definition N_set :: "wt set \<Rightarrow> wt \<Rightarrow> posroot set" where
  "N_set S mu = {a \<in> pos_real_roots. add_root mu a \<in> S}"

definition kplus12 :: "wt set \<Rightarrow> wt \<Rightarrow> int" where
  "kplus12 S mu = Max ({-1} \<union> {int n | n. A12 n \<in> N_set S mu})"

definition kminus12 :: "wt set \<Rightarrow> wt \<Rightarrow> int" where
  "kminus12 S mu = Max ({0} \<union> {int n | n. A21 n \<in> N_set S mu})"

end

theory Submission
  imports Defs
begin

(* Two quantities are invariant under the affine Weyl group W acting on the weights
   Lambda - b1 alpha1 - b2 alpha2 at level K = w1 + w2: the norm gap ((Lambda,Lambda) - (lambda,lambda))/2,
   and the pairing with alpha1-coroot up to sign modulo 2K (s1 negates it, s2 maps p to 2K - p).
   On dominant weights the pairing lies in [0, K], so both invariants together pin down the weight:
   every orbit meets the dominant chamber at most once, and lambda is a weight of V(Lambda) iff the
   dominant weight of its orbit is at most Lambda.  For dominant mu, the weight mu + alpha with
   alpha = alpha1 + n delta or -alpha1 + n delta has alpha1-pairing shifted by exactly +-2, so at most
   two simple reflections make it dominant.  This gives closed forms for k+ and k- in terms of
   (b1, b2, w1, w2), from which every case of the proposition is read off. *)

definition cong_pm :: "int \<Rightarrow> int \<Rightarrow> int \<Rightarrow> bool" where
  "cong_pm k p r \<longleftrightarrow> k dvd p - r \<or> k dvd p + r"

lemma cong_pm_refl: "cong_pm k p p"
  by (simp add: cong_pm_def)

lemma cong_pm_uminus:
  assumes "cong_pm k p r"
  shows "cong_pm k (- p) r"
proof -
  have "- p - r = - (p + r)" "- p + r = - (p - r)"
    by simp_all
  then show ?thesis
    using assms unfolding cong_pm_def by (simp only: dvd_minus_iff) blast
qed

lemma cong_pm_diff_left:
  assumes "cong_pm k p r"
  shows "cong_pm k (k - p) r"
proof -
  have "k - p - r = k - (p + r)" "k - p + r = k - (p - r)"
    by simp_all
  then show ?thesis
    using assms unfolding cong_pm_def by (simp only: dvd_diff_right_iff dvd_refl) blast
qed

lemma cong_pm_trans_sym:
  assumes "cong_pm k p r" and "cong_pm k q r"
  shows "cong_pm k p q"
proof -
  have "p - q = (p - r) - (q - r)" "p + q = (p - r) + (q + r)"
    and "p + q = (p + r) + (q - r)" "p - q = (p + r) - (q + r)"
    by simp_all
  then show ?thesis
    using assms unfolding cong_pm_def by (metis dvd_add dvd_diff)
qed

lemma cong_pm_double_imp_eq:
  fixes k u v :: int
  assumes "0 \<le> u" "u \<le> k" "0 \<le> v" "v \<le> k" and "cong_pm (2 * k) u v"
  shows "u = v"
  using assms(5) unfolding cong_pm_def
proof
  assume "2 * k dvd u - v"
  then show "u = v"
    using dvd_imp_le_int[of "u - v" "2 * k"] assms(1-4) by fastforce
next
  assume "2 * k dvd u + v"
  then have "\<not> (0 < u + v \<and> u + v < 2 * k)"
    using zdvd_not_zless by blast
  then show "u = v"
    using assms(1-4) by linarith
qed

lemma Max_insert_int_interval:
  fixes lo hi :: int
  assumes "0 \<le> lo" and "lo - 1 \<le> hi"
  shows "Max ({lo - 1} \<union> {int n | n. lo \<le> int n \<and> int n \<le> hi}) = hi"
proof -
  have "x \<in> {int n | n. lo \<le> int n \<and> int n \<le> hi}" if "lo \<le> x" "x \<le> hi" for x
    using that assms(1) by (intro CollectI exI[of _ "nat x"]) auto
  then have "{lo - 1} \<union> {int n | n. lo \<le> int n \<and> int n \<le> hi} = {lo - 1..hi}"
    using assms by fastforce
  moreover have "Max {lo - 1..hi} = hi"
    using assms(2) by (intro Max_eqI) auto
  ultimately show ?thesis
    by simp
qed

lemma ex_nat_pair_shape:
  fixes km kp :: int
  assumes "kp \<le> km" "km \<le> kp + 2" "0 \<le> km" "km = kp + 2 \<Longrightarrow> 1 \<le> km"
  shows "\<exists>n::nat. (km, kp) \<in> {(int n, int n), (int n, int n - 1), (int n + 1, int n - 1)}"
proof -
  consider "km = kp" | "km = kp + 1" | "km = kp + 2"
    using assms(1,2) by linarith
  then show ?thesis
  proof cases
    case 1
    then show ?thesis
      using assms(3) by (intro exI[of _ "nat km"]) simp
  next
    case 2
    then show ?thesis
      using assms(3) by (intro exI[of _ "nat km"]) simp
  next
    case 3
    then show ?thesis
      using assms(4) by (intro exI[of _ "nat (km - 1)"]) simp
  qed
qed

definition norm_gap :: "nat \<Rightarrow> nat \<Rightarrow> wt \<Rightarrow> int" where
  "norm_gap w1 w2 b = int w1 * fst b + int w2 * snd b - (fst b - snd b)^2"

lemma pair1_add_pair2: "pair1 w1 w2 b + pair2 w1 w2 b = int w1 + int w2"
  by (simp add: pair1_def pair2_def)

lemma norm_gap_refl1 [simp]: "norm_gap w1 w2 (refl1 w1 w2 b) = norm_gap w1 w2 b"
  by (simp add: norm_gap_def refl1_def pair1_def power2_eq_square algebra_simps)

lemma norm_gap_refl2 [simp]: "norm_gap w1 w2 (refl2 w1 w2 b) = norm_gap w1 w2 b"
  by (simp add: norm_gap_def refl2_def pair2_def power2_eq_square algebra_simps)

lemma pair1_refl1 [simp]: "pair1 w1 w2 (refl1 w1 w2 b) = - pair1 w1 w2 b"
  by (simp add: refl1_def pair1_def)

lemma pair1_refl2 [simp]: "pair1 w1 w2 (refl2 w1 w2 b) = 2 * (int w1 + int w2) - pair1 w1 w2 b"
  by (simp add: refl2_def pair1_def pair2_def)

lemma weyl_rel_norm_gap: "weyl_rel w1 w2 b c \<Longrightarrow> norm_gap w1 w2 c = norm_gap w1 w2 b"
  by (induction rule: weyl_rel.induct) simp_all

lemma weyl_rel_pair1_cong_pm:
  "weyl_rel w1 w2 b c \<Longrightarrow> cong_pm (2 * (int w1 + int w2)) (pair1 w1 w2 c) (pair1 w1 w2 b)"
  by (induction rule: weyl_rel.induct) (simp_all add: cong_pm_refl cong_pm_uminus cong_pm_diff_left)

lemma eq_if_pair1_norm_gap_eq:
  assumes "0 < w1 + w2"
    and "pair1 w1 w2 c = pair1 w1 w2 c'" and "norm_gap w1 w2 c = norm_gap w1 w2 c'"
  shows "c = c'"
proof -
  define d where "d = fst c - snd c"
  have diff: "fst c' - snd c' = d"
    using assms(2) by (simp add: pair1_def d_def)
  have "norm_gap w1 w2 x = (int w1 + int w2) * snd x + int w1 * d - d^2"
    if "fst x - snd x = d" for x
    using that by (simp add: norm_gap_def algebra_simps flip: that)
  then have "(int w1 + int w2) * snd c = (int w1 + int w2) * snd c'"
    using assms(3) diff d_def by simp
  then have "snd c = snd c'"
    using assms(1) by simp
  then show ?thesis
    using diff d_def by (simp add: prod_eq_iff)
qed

» **WHAT TO PRODUCE**: Only the lines holding the word "induct" belong in the answer; copy them from the listing above.

» **OUTPUT FOR THIS TASK**:
  by (induction rule: weyl_rel.induct) simp_all
  by (induction rule: weyl_rel.induct) (simp_all add: cong_pm_refl cong_pm_uminus cong_pm_diff_left)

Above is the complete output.